Listed entries -

lemma common_multiples_prime_notin_F_E:
  assumes "finite E" "p \<in> A_E E"
  shows "common_multiples {p} \<notin> F_E E"
proof
  assume "common_multiples {p} \<in> F_E E"
  then obtain d where d: "\<forall>x\<in>E. 0 < d x \<and> coprime x (d x) \<and> squarefree (d x)"
    and d_sub: "(\<Inter>x\<in>E. kirch closure_of AP x (d x)) \<subseteq> common_multiples {p}"
    by (rule F_E_supset_closures_AP)
  have p: "prime p"
    using assms(2) by (simp add: mem_A_E)
  obtain k where k: "\<not> p dvd k" "\<forall>x\<in>E. p dvd x \<or> [x = k] (mod p)"
    using assms(2) by (rule mem_A_E_unit_witness)
  have "0 < (\<Prod>x\<in>E. d x)"
    using d by (simp add: prod_pos)
  then obtain y where y: "[y = k] (mod p)"
    "\<And>q. prime q \<Longrightarrow> q \<noteq> p \<Longrightarrow> q dvd (\<Prod>x\<in>E. d x) \<Longrightarrow> q dvd y"
    using ex_cong_mod_prime_dvd_by_other_prime_factors[OF p] by blast
  have "\<not> p dvd y"
    using cong_dvd_iff[OF y(1)] k(1) by blast
  then have "0 < y"
    by (cases y) auto
  \<comment> \<open>the only prime of d x that may miss y is p, and p does not divide x\<close>
  have "y \<in> kirch closure_of AP x (d x)" if x: "x \<in> E" for x
  proof -
    have "[y = x] (mod q)" if q: "prime q" "q dvd d x" "\<not> q dvd y" for q
    proof -
      have "q dvd (\<Prod>x\<in>E. d x)"
        using q(2) dvd_prodI[OF assms(1) x, of d] by (rule dvd_trans)
      then have "q = p"
        using y(2) q(1,3) by blast
      then have "\<not> p dvd x"
        using d x q(1,2) by (metis coprime_common_divisor not_prime_unit)
      then have "[x = k] (mod p)"
        using k(2) x by blast
      with y(1) \<open>q = p\<close> show ?thesis
        by (metis cong_sym cong_trans)
    qed
    with \<open>0 < y\<close> d x show ?thesis
      by (simp add: in_closure_of_AP_iff)
  qed
  with d_sub have "y \<in> common_multiples {p}"
    by blast
  with \<open>\<not> p dvd y\<close> show False
    by (simp add: common_multiples_def)
qed

lemma common_multiples_odd_prime_in_F_inf:
  assumes "prime p" "p \<noteq> 2"
  shows "common_multiples {p} \<in> F_inf"
proof (rule F_infI[of _ "{1, 2}" "\<lambda>i. AP i p"])
  have "2 < p"
    using prime_ge_2_nat[OF assms(1)] assms(2) by linarith
  show "\<forall>i\<in>{1, 2}. openin kirch (AP i p) \<and> AP i p \<noteq> {}"
  proof
    fix i :: nat assume i: "i \<in> {1, 2}"
    then have "0 < i" "\<not> p dvd i"
      using \<open>2 < p\<close> by (auto dest: dvd_imp_le)
    then have "openin kirch (AP i p)"
      using assms(1) by (intro openin_kirch_AP_prime)
    moreover have "i \<in> AP i p"
      by (simp add: mem_AP)
    ultimately show "openin kirch (AP i p) \<and> AP i p \<noteq> {}"
      by blast
  qed
  show "(\<Inter>i\<in>{1, 2}. kirch closure_of AP i p) \<subseteq> common_multiples {p}"
  proof
    fix y assume "y \<in> (\<Inter>i\<in>{1, 2}. kirch closure_of AP i p)"
    then have y: "y \<in> kirch closure_of AP 1 p" "y \<in> kirch closure_of AP 2 p"
      by auto
    then have "0 < y"
      by (simp add: in_closure_of topspace_kirch)
    moreover have "p dvd y"
    proof (rule ccontr)
      assume "\<not> p dvd y"
      then have "[y = 1] (mod p)" "[y = 2] (mod p)"
        using cong_if_in_closure_of_AP[OF _ assms(1) dvd_refl] y by blast+
      then have "[1 = 2] (mod p)"
        by (metis cong_sym cong_trans)
      with \<open>2 < p\<close> show False
        by (simp add: cong_def)
    qed
    ultimately show "y \<in> common_multiples {p}"
      by (simp add: common_multiples_def)
  qed
qed (auto simp: common_multiples_subset)

lemma F_E_eq_F_inf_iff:
  assumes "finite E" "E \<noteq> {}" "E \<subseteq> {0<..}"
  shows "F_E E = F_inf \<longleftrightarrow> A_E E = {2}"
proof
  assume eq: "F_E E = F_inf"
  have "p = 2" if "p \<in> A_E E" for p
  proof (rule ccontr)
    assume "p \<noteq> 2"
    moreover have "prime p"
      using that by (simp add: mem_A_E)
    ultimately have "common_multiples {p} \<in> F_E E"
      using eq common_multiples_odd_prime_in_F_inf by simp
    with common_multiples_prime_notin_F_E[OF assms(1) that] show False
      by contradiction
  qed
  with two_mem_A_E show "A_E E = {2}"
    by blast
next
  assume "A_E E = {2}"
  with assms show "F_E E = F_inf"
    using F_E_subset_F_inf F_inf_subset_F_E by (intro equalityI) simp_all
qed

lemma mem_A_E_doubleton:
  assumes "0 < x" "0 < y"
  shows "p \<in> A_E {x, y} \<longleftrightarrow> prime p \<and> (p dvd x \<or> p dvd y \<or> [x = y] (mod p))"
proof
  assume "p \<in> A_E {x, y}"
  then obtain k where "prime p" "p dvd x \<or> [x = k] (mod p)" "p dvd y \<or> [y = k] (mod p)"
    unfolding mem_A_E by blast
  then show "prime p \<and> (p dvd x \<or> p dvd y \<or> [x = y] (mod p))"
    by (meson cong_sym cong_trans)
next
  assume p: "prime p \<and> (p dvd x \<or> p dvd y \<or> [x = y] (mod p))"
  show "p \<in> A_E {x, y}"
    unfolding mem_A_E
  proof (cases "p dvd x")
    case True
    then show "prime p \<and> (\<exists>k>0. \<forall>z\<in>{x, y}. p dvd z \<or> [z = k] (mod p))"
      using p assms by (intro conjI exI[of _ y]) auto
  next
    case False
    then have "p dvd y \<or> [y = x] (mod p)"
      using p cong_sym by blast
    then show "prime p \<and> (\<exists>k>0. \<forall>z\<in>{x, y}. p dvd z \<or> [z = k] (mod p))"
      using p assms by (intro conjI exI[of _ x]) auto
  qed
qed

lemma power_of_two_if_prime_factors_two:
  fixes x :: nat
  assumes "0 < x" "\<And>p. prime p \<Longrightarrow> p dvd x \<Longrightarrow> p = 2"
  shows "\<exists>k. x = 2 ^ k"
proof -
  have "x \<noteq> 0" "\<not> is_unit (2::nat)"
    using assms(1) by auto
  then obtain r where r: "x = 2 ^ multiplicity 2 x * r" "\<not> 2 dvd r"
    by (rule multiplicity_decompose')
  have "r = 1"
  proof (rule ccontr)
    assume "r \<noteq> 1"
    then obtain q where "prime q" "q dvd r"
      using prime_factor_nat by blast
    moreover from this have "q dvd 2 ^ multiplicity 2 x * r"
      by simp
    then have "q dvd x"
      by (simp only: r(1)[symmetric])
    ultimately show False
      using assms(2) r(2) by blast
  qed
  from r(1) have "x = 2 ^ multiplicity 2 x"
    unfolding \<open>r = 1\<close> by (simp only: mult_1_right)
  then show ?thesis ..
qed

lemma odd_prime_not_dvd_power_of_two:
  fixes p :: nat
  assumes "prime p" "p \<noteq> 2"
  shows "\<not> p dvd 2 ^ k"
  using assms by (metis prime_dvd_power primes_dvd_imp_eq two_is_prime_nat)

lemma ex_odd_prime_cong_powers_of_two:
  fixes a b :: nat
  assumes "a < b" "b \<noteq> a + 1"
  shows "\<exists>q. prime q \<and> q \<noteq> 2 \<and> [2 ^ a = (2::nat) ^ b] (mod q)"
proof -
  define c where "c = b - a"
  have "2 \<le> c" using assms unfolding c_def by linarith
  then have "(2::nat) ^ 2 \<le> 2 ^ c"
    by (rule power_increasing) simp
  then have "(2::nat) ^ c - 1 \<noteq> 1"
    by simp
  then obtain q :: nat where q: "prime q" "q dvd 2 ^ c - 1"
    using prime_factor_nat by blast
  have "odd ((2::nat) ^ c - 1)"
    using \<open>2 \<le> c\<close> by simp
  then have "q \<noteq> 2"
    using q(2) by auto
  have "(2::nat) ^ b - 2 ^ a = 2 ^ a * (2 ^ c - 1)"
    using assms(1) by (simp add: c_def diff_mult_distrib2 power_add[symmetric])
  then have "q dvd 2 ^ b - 2 ^ a"
    using q(2) by simp
  then have "[2 ^ b = (2::nat) ^ a] (mod q)"
    using assms(1) by (simp add: cong_altdef_nat)
  with q(1) \<open>q \<noteq> 2\<close> show ?thesis
    using cong_sym by blast
qed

Problem - At the line containing "fixes p :: nat", start copying. Continue exactly through the final line of the entries above and stop there.

Your response -
  fixes p :: nat
  assumes "prime p" "p \<noteq> 2"
  shows "\<not> p dvd 2 ^ k"
  using assms by (metis prime_dvd_power primes_dvd_imp_eq two_is_prime_nat)

lemma ex_odd_prime_cong_powers_of_two:
  fixes a b :: nat
  assumes "a < b" "b \<noteq> a + 1"
  shows "\<exists>q. prime q \<and> q \<noteq> 2 \<and> [2 ^ a = (2::nat) ^ b] (mod q)"
proof -
  define c where "c = b - a"
  have "2 \<le> c" using assms unfolding c_def by linarith
  then have "(2::nat) ^ 2 \<le> 2 ^ c"
    by (rule power_increasing) simp
  then have "(2::nat) ^ c - 1 \<noteq> 1"
    by simp
  then obtain q :: nat where q: "prime q" "q dvd 2 ^ c - 1"
    using prime_factor_nat by blast
  have "odd ((2::nat) ^ c - 1)"
    using \<open>2 \<le> c\<close> by simp
  then have "q \<noteq> 2"
    using q(2) by auto
  have "(2::nat) ^ b - 2 ^ a = 2 ^ a * (2 ^ c - 1)"
    using assms(1) by (simp add: c_def diff_mult_distrib2 power_add[symmetric])
  then have "q dvd 2 ^ b - 2 ^ a"
    using q(2) by simp
  then have "[2 ^ b = (2::nat) ^ a] (mod q)"
    using assms(1) by (simp add: cong_altdef_nat)
  with q(1) \<open>q \<noteq> 2\<close> show ?thesis
    using cong_sym by blast
qed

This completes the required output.